Turnbull’s government desperately needs the Nationals’ co-operation and that vital vote of Barnaby’s. But that can no longer be counted upon. Joyce did cross the floor thirty-eight times under Howard. Nor can Joyce be counted on to remain in politics. A lucrative job in mining may well be Barnaby’s new career. He can still wave cheerio to the battlers as he fracks their land and pollutes the local water supply to obtain gas to warm the atmosphere.

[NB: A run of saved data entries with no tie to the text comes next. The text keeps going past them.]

lemma wRd_less_Suc: "wRd \<beta> z c \<delta> \<Delta> F wl wu n < wRd \<beta> z c \<delta> \<Delta> F wl wu (Suc n)"
proof -
  have "wl < wRd \<beta> z c \<delta> \<Delta> F wl wu n \<and> wRd \<beta> z c \<delta> \<Delta> F wl wu n < wRd \<beta> z c \<delta> \<Delta> F wl wu (Suc n)"
  proof (induction n)
    case 0
    have "z * (1 - \<beta>) < (z + c) * (1 - \<beta>)"
      using c_pos beta by simp
    then show ?case
      using wRd_0(2-3) wRd.simps(2)[of \<beta> z c \<delta> \<Delta> F wl wu 0] by simp
  next
    case (Suc n)
    let ?d = "wRd \<beta> z c \<delta> \<Delta> F wl wu" and ?r = "wR \<beta> z c F wl wu"
    have "wl < ?d (Suc n)"
      using Suc by simp
    then have "Ups F wl wu (?d n) < Ups F wl wu (?d (Suc n))"
      using Suc by (intro Ups_strict_mono) simp_all
    then have "\<beta> * (1 - \<delta>) * Ups F wl wu (?d n) < \<beta> * (1 - \<delta>) * Ups F wl wu (?d (Suc n))"
      using beta delta by simp
    moreover have "Ups F wl wu (?r (n + \<Delta>)) \<le> Ups F wl wu (?r (Suc n + \<Delta>))"
      using wR_incseq by (intro Ups_mono) (simp add: incseq_Suc_iff)
    then have "\<beta> * \<delta> * Ups F wl wu (?r (n + \<Delta>)) \<le> \<beta> * \<delta> * Ups F wl wu (?r (Suc n + \<Delta>))"
      using beta delta by (simp add: mult_left_mono)
    ultimately show ?case
      using \<open>wl < ?d (Suc n)\<close> by simp
  qed
  then show ?thesis ..
qed

end
(* Fix a positive $\epsilon\in\Gamma$. Let $d_0\in\mathrm{Der}_0(\mathfrak{L},\mathfrak{V})$ satisfy $d_0(L_{k\epsilon})=0$ for all $k\in\mathbb{Z}$. Then $d_0(A_p)=0$ whenever $A\in\{L,I\}$ and $p\in\Gamma$, or $A\in\{G,H\}$ and $p\in s+\Gamma$. In particular $d_0=0$.
   Context: Let $\Gamma$ be a nontrivial additive subgroup of $\mathbb{R}$, and let $s\in\mathbb{R}$ with $2s\in\Gamma$. The Lie superalgebra $\mathfrak{L}$ over $\mathbb{C}$ has basis $\{L_p,I_p,G_r,H_r\mid p\in\Gamma,\ r\in s+\Gamma\}$. Here $L_p,I_p$ are even and $G_r,H_r$ are odd. The nonzero super-brackets are $[L_p,L_q]=(p-q)L_{p+q}$, $[L_p,I_q]=(p-q)I_{p+q}$, $[L_p,G_r]=(\tfrac p2-r)G_{p+r}$, $[L_p,H_r]=(\tfrac p2-r)H_{p+r}$, $[G_r,G_t]=I_{r+t}$, $[I_p,G_r]=(p-2r)H_{p+r}$. All other brackets of basis elements vanish, apart from those forced by super-antisymmetry. Grading: - $\mathbb{Z}_s=\Gamma\cup(s+\Gamma)$, an additive subgroup of $\mathbb{R}$. - $\mathfrak{L}=\bigoplus_{p\in\mathbb{Z}_s}\mathfrak{L}_p$, where $\mathfrak{L}_p$ is spanned by those of $L_p,I_p,G_p,H_p$ that exist. - $\mathfrak{V}=\mathfrak{L}\otimes\mathfrak{L}$, with $\mathfrak{V}_r=\bigoplus_{p+q=r}\mathfrak{L}_p\otimes\mathfrak{L}_q$. - $\mathfrak{L}$ acts on $\mathfrak{V}$ by $x\circ(a\otimes b)=[x,a]\otimes b+(-1)^{[x][a]}a\otimes[x,b]$, where $[x]$ is parity. Derivations: - A homogeneous derivation of parity $[d]$ is a linear map $d:\mathfrak{L}\to\mathfrak{V}$ shifting parity by $[d]$ and satisfying $d([x,y])=(-1)^{[d][x]}x\circ d(y)-(-1)^{[y]([d]+[x])}y\circ d(x)$. - A derivation is a sum of an even and an odd one. - $\mathrm{Der}_0(\mathfrak{L},\mathfrak{V})$ is the set of derivations $d$ with $d(\mathfrak{L}_p)\subset\mathfrak{V}_{p}$ for all $p\in\mathbb{Z}_s$. *)

theory Defs
  imports Complex_Main
begin
theorem proposition4p4:
  fixes A B A' B' :: "('a::field \<times> 'a) set" and h k \<mu> :: 'a
  assumes char: "(2::'a) \<noteq> 0"
    and std: "standard_form A B A' B'"
    and cen: "centroid A B A' B' = (h, k)"
    and coef: "\<mu> = coefficient A B A' B'"
  shows "(\<forall>L p q. is_line L \<longrightarrow> (p, q) \<noteq> (0, 0) \<longrightarrow>
            (bisector_with_mid A B A' B' L (Fin (p, q)) \<longleftrightarrow>
               (q * (q - 2 * k) - \<mu> * p * (p - 2 * h) = 0 \<and>
                L = {(x, y). q * x + p * y - 2 * p * q = 0})))
       \<and> ((h, k) = (0, 0) \<longrightarrow>
            (\<forall>L. is_line L \<and> (0, 0) \<in> L \<longrightarrow> bisector_with_mid A B A' B' L (Fin (0, 0))))
       \<and> ((h, k) \<noteq> (0, 0) \<longrightarrow>
            (\<forall>L. (is_line L \<and> bisector_with_mid A B A' B' L (Fin (0, 0))) \<longleftrightarrow>
                  L = {(x, y). k * y + \<mu> * h * x = 0}))"
proof -
  from std obtain b \<beta> b' \<beta>' where coords: "A = coord_line 0 1 0" "A' = coord_line 1 0 0"
    "B = coord_line b (-1) \<beta>" "B' = coord_line b' (-1) \<beta>'"
    by (rule standard_formE)
  from std have quad: "quadrilateral A B A' B'"
    unfolding standard_form_def by blast
  note standard = char quad coords
  show ?thesis
    unfolding coef
    using bisector_with_nonzero_mid_iff[OF standard cen]
      bisector_through_origin[OF standard] cen
      bisector_with_zero_mid_unique[OF standard cen]
    by simp
qed

end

Sadly, for the PM and the leaking of Marriott’s name to The Australian may encourage other women to come forward, Tony Windsor, on social media lists several other cases of impropriety – all grist to the bush telegraph rumour mill. And also accessible to The Daily Telegraph, no doubt, should the masters of Joyce’s political universe decide it’s time The Nationals were taken down a peg. Already there are signs of movement at the gas station.

In the meantime, Turnbull has doubled his back-bench snipers adding a rancid Joyce to a rabid Abbott.

Ominously, Joyce has already promised “he won’t snipe”. As did Abbott. Their cat-calls and raspberries will make it even harder for Trumble to pay sufficient attention to his political masters, especially the holy trinity Shell, Origin Energy and Santos, an oligopoly that runs the National Party and much of the rest of the Coalition.

Even Nationals’ Andrew Broad, who chairs the House of Representatives moribund Environment and Energy Committee can see trouble looming. Turnbull may have sold the MSM his gas deal but Broad told the ABC last October that whilst it says it’s guaranteed supply, the Coalition’s done little or nothing about higher prices.

Finally, Turnbull has not exactly come out of the dust-up with his deputy as a stronger or more powerful leader.

if Turnbull does manage to get his $65bn corporate tax cuts through parliament – money that is being stolen from taxpayers to be given to some of the world’s largest corporations in a demonstrable hoax that the money will increase investment and worker’s wages, he does not have the credibility to sell his latest tactical diversion, a re-serving of the stale shit sandwich of the Coalition’s sycophantic relationship with its great and powerful friend, the USA especially when 80% of us regard Trump as either an important or critical threat to Australia.